Pryce was appointed Commanding Officer of 'A' Battery, 119th Field Artillery Brigade, and entered the French theatre of war with his battery in November 1915. Ably assisted by Battery Sergeant-Major E. G. Horlock, V.C., who he described in his diary as a 'treasure', Pryce witnessed heavy fighting on the Somme in 1916, when ordered to get his guns into position behind Fricourt, not far from Mametz Wood, one of the objectives of the famous July offensive. The day before, when part of his diary was blown away by a piece of German shrapnel, he and two other officers were reconnoitring the German positions at Contalmaison when they came upon an enemy machine-gun position held by 17 Germans - all of whom surrendered to the British officers after a furious exchange of fire.

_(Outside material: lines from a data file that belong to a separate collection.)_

(* Let $\mathbb{F}\in\{\mathbb{R},\mathbb{C}\}$, $A\in\mathbb{F}^{m\times n}$, $b\in\mathbb{F}^m$, $f:\mathbb{F}^n\to[0,\infty]$ and $K\ge1$. Let $x',x''$ be distinct stationary points of $\mathcal{K}_{reg}(x)=\mathcal{Q}_2(f)(x)+\|Ax-b\|_2^2$ such that $x''-x'\in P_K$, and set $z'=(I-A^*A)x'+A^*b$, $z''=(I-A^*A)x''+A^*b$. Then $$\mathrm{Re}\langle z''-z',x''-x'\rangle\le(1-\beta_K^2)\|x''-x'\|_2^2.$$
   Context: $\mathcal{Q}_2(f)$ is the quadratic envelope of $f$: $\mathcal{Q}_2(f)(x)=\breve h(x)-\|x\|^2$, where $\breve h$ is the lower semicontinuous convex envelope of $h(x)=f(x)+\|x\|^2$. $\mathrm{card}(x)$ is the number of nonzero entries, $P_K=\{x:\mathrm{card}(x)\le K\}$, $\beta_K=\inf\{\|Ax\|_2/\|x\|_2:x\ne0,\ x\in P_K\}$. $A^*$ is the conjugate transpose, $\langle x,y\rangle=\sum_i x_i\overline{y_i}$. A stationary point of a function $g$ is a point $x$ with $0$ in the Fréchet subdifferential $\hat\partial g(x)$, i.e. the set of $v$ with $\liminf_{y\to x,y\ne x}(g(y)-g(x)-\mathrm{Re}\langle v,y-x\rangle)/\|y-x\|\ge0$. *)

theory Defs
  imports "HOL-Analysis.Analysis"
begin

text \<open>The real part of the
  inner product Re<x,y> = Re (sum x_i * cnj y_i) coincides with the real inner product
  x \<bullet> y of HOL-Analysis on 'a^'n.\<close>

definition vcard :: "('a::zero)^'n \<Rightarrow> nat" where
  "vcard x = card {i. x $ i \<noteq> 0}"

definition PK :: "nat \<Rightarrow> (('a::zero)^'n) set" where
  "PK K = {x. vcard x \<le> K}"

definition betaK :: "nat \<Rightarrow> ('a::real_normed_field)^'n^'m \<Rightarrow> real" where
  "betaK K A = Inf {norm (A *v x) / norm x | x. x \<noteq> 0 \<and> x \<in> PK K}"

definition cadj :: "complex^'n^'m \<Rightarrow> complex^'m^'n" where
  "cadj A = (\<chi> i j. cnj (A $ j $ i))"

definition lsc_convex_env :: "('v::real_normed_vector \<Rightarrow> ereal) \<Rightarrow> 'v \<Rightarrow> ereal" where
  "lsc_convex_env h x = Sup {g x | g.
      convex {(y, t::real). g y \<le> ereal t} \<and> closed {(y, t::real). g y \<le> ereal t}
      \<and> (\<forall>y. g y \<le> h y)}"

definition Q2 :: "('v::real_normed_vector \<Rightarrow> ereal) \<Rightarrow> 'v \<Rightarrow> ereal" where
  "Q2 f x = lsc_convex_env (\<lambda>y. f y + ereal ((norm y)\<^sup>2)) x - ereal ((norm x)\<^sup>2)"

definition frechet_subdiff :: "('v::real_inner \<Rightarrow> ereal) \<Rightarrow> 'v \<Rightarrow> 'v set" where
  "frechet_subdiff g x = {v. \<bar>g x\<bar> \<noteq> \<infinity> \<and>
      Liminf (at x) (\<lambda>y. (g y - g x - ereal (v \<bullet> (y - x))) / ereal (norm (y - x))) \<ge> 0}"

definition stationary :: "('v::real_inner \<Rightarrow> ereal) \<Rightarrow> 'v \<Rightarrow> bool" where
  "stationary g x \<longleftrightarrow> 0 \<in> frechet_subdiff g x"

definition Kreg :: "(('a::real_normed_field)^'n \<Rightarrow> ereal) \<Rightarrow> 'a^'n^'m \<Rightarrow> 'a^'m \<Rightarrow> 'a^'n \<Rightarrow> ereal" where
  "Kreg f A b x = Q2 f x + ereal ((norm (A *v x - b))\<^sup>2)"

end

theory Submission
  imports Defs
begin

text \<open>The nonzero sparse witness d is needed: without one, betaK K A is the unspecified
  real Inf {}.\<close>

lemma betaK_nonneg:
  fixes A :: "('a::real_normed_field)^'n^'m" and d :: "'a^'n"
  assumes "d \<noteq> 0" "d \<in> PK K"
  shows "0 \<le> betaK K A"
proof -
  have "norm (A *v d) / norm d \<in> {norm (A *v x) / norm x | x. x \<noteq> 0 \<and> x \<in> PK K}"
    using assms by blast
  then show ?thesis
    unfolding betaK_def by (intro cInf_greatest) auto
qed

lemma betaK_mult_norm_le:
  fixes A :: "('a::real_normed_field)^'n^'m"
  assumes "d \<in> PK K"
  shows "betaK K A * norm d \<le> norm (A *v d)"
proof (cases "d = 0")
  case False
  let ?S = "{norm (A *v x) / norm x | x. x \<noteq> 0 \<and> x \<in> PK K}"
  have "norm (A *v d) / norm d \<in> ?S" using False assms by blast
  moreover have "bdd_below ?S" by (rule bdd_belowI[of _ 0]) auto
  ultimately have "betaK K A \<le> norm (A *v d) / norm d"
    unfolding betaK_def by (rule cInf_lower)
  with False show ?thesis by (simp add: pos_le_divide_eq)
qed simp

lemma betaK_sq_mult_norm_sq_le:
  fixes A :: "('a::real_normed_field)^'n^'m"
  assumes "d \<in> PK K"
  shows "(betaK K A)\<^sup>2 * (norm d)\<^sup>2 \<le> (norm (A *v d))\<^sup>2"
proof (cases "d = 0")
  case False
  then have "0 \<le> betaK K A * norm d"
    using betaK_nonneg[OF False assms, of A] by simp
  from power_mono[OF betaK_mult_norm_le[OF assms] this] show ?thesis
    by (simp add: power_mult_distrib)
qed simp

lemma inner_transpose_mult_vec: "(transpose A *v y) \<bullet> x = y \<bullet> (A *v (x::real^'n))"
  by (simp add: dot_lmul_matrix)

lemma inner_cadj_mult_vec: "(cadj A *v y) \<bullet> x = y \<bullet> (A *v (x::complex^'n))"
proof -
  have inner_complex: "\<And>a b::complex. a \<bullet> b = Re (a * cnj b)"
    by (simp add: inner_complex_def)
  have "(cadj A *v y) \<bullet> x = (\<Sum>i\<in>UNIV. \<Sum>j\<in>UNIV. Re (cnj (A $ j $ i) * y $ j * cnj (x $ i)))"
    by (simp add: inner_vec_def matrix_vector_mult_def cadj_def inner_complex
        sum_distrib_right Re_sum)
  also have "\<dots> = (\<Sum>j\<in>UNIV. \<Sum>i\<in>UNIV. Re (cnj (A $ j $ i) * y $ j * cnj (x $ i)))"
    by (rule sum.swap)
  also have "\<dots> = y \<bullet> (A *v x)"
    by (simp add: inner_vec_def matrix_vector_mult_def inner_complex
        sum_distrib_left Re_sum mult_ac)
  finally show ?thesis .
qed

lemma landweber_step_inner_le:
  fixes A :: "('a::{real_inner, real_normed_field})^'n^'m" and B :: "'a^'m^'n"
  assumes adjoint: "\<And>x y. (B *v y) \<bullet> x = y \<bullet> (A *v x)"
    and sparse: "x'' - x' \<in> PK K"
  shows "((x'' - B *v (A *v x'') + B *v b) - (x' - B *v (A *v x') + B *v b)) \<bullet> (x'' - x')
    \<le> (1 - (betaK K A)\<^sup>2) * (norm (x'' - x'))\<^sup>2"
proof -
  define d where "d = x'' - x'"
  have step_diff: "(x'' - B *v (A *v x'') + B *v b) - (x' - B *v (A *v x') + B *v b)
      = d - B *v (A *v d)"
    by (simp add: d_def matrix_vector_mult_diff_distrib algebra_simps)
  have "(d - B *v (A *v d)) \<bullet> d = (norm d)\<^sup>2 - (norm (A *v d))\<^sup>2"
    by (simp add: inner_diff_left adjoint power2_norm_eq_inner)
  moreover have "(betaK K A)\<^sup>2 * (norm d)\<^sup>2 \<le> (norm (A *v d))\<^sup>2"
    using sparse by (simp add: d_def betaK_sq_mult_norm_sq_le)
  ultimately show ?thesis
    unfolding step_diff d_def[symmetric] by (simp add: algebra_simps)
qed

theorem proposition3p1:
  shows "(\<forall>(A::real^'n^'m) (b::real^'m) (f::real^'n \<Rightarrow> ereal) (K::nat) x' x''.
            K \<ge> 1 \<and> (\<forall>x. f x \<ge> 0) \<and>
            stationary (Kreg f A b) x' \<and> stationary (Kreg f A b) x'' \<and> x' \<noteq> x'' \<and>
            x'' - x' \<in> PK K \<longrightarrow>
            (let z' = x' - transpose A *v (A *v x') + transpose A *v b;
                 z'' = x'' - transpose A *v (A *v x'') + transpose A *v b
             in (z'' - z') \<bullet> (x'' - x') \<le> (1 - (betaK K A)\<^sup>2) * (norm (x'' - x'))\<^sup>2))
       \<and> (\<forall>(A::complex^'n^'m) (b::complex^'m) (f::complex^'n \<Rightarrow> ereal) (K::nat) x' x''.
            K \<ge> 1 \<and> (\<forall>x. f x \<ge> 0) \<and>
            stationary (Kreg f A b) x' \<and> stationary (Kreg f A b) x'' \<and> x' \<noteq> x'' \<and>
            x'' - x' \<in> PK K \<longrightarrow>
            (let z' = x' - cadj A *v (A *v x') + cadj A *v b;
                 z'' = x'' - cadj A *v (A *v x'') + cadj A *v b
             in (z'' - z') \<bullet> (x'' - x') \<le> (1 - (betaK K A)\<^sup>2) * (norm (x'' - x'))\<^sup>2))"
  unfolding Let_def
  using landweber_step_inner_le[OF inner_transpose_mult_vec]
    landweber_step_inner_le[OF inner_cadj_mult_vec]
  by blast

end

By late May 1917, his battery was in position awaiting the assault on Messines, 'but shortly before this began Pryce was hit in the shoulder by a shrapnel burst on 3 June. Sufficiently badly wounded to be invalided home, he spent the remainder of the war in command of a Reserve Artillery Brigade at Aldershot. Twice mentioned in despatches (London Gazette 4 January 1917 and 23 August 1917 refer), he was gazetted for his D.S.O. on the day he was wounded, an award believed to have stemmed from his earlier capture of the enemy machine-gun post on the Somme.

==Personal life==
He married Ellen Mary Morkill, widow of Lt R.F Morkill, RFC, daughter of Thomas Loiseleur Wilkinson and Mary Valentina Alexander, of Neasham Abbey, Durham, in October 1918, in Eastbourne, Sussex.

He died on 26 November 1955 at the Cottage Hospital, Cockermouth, Cumberland, England.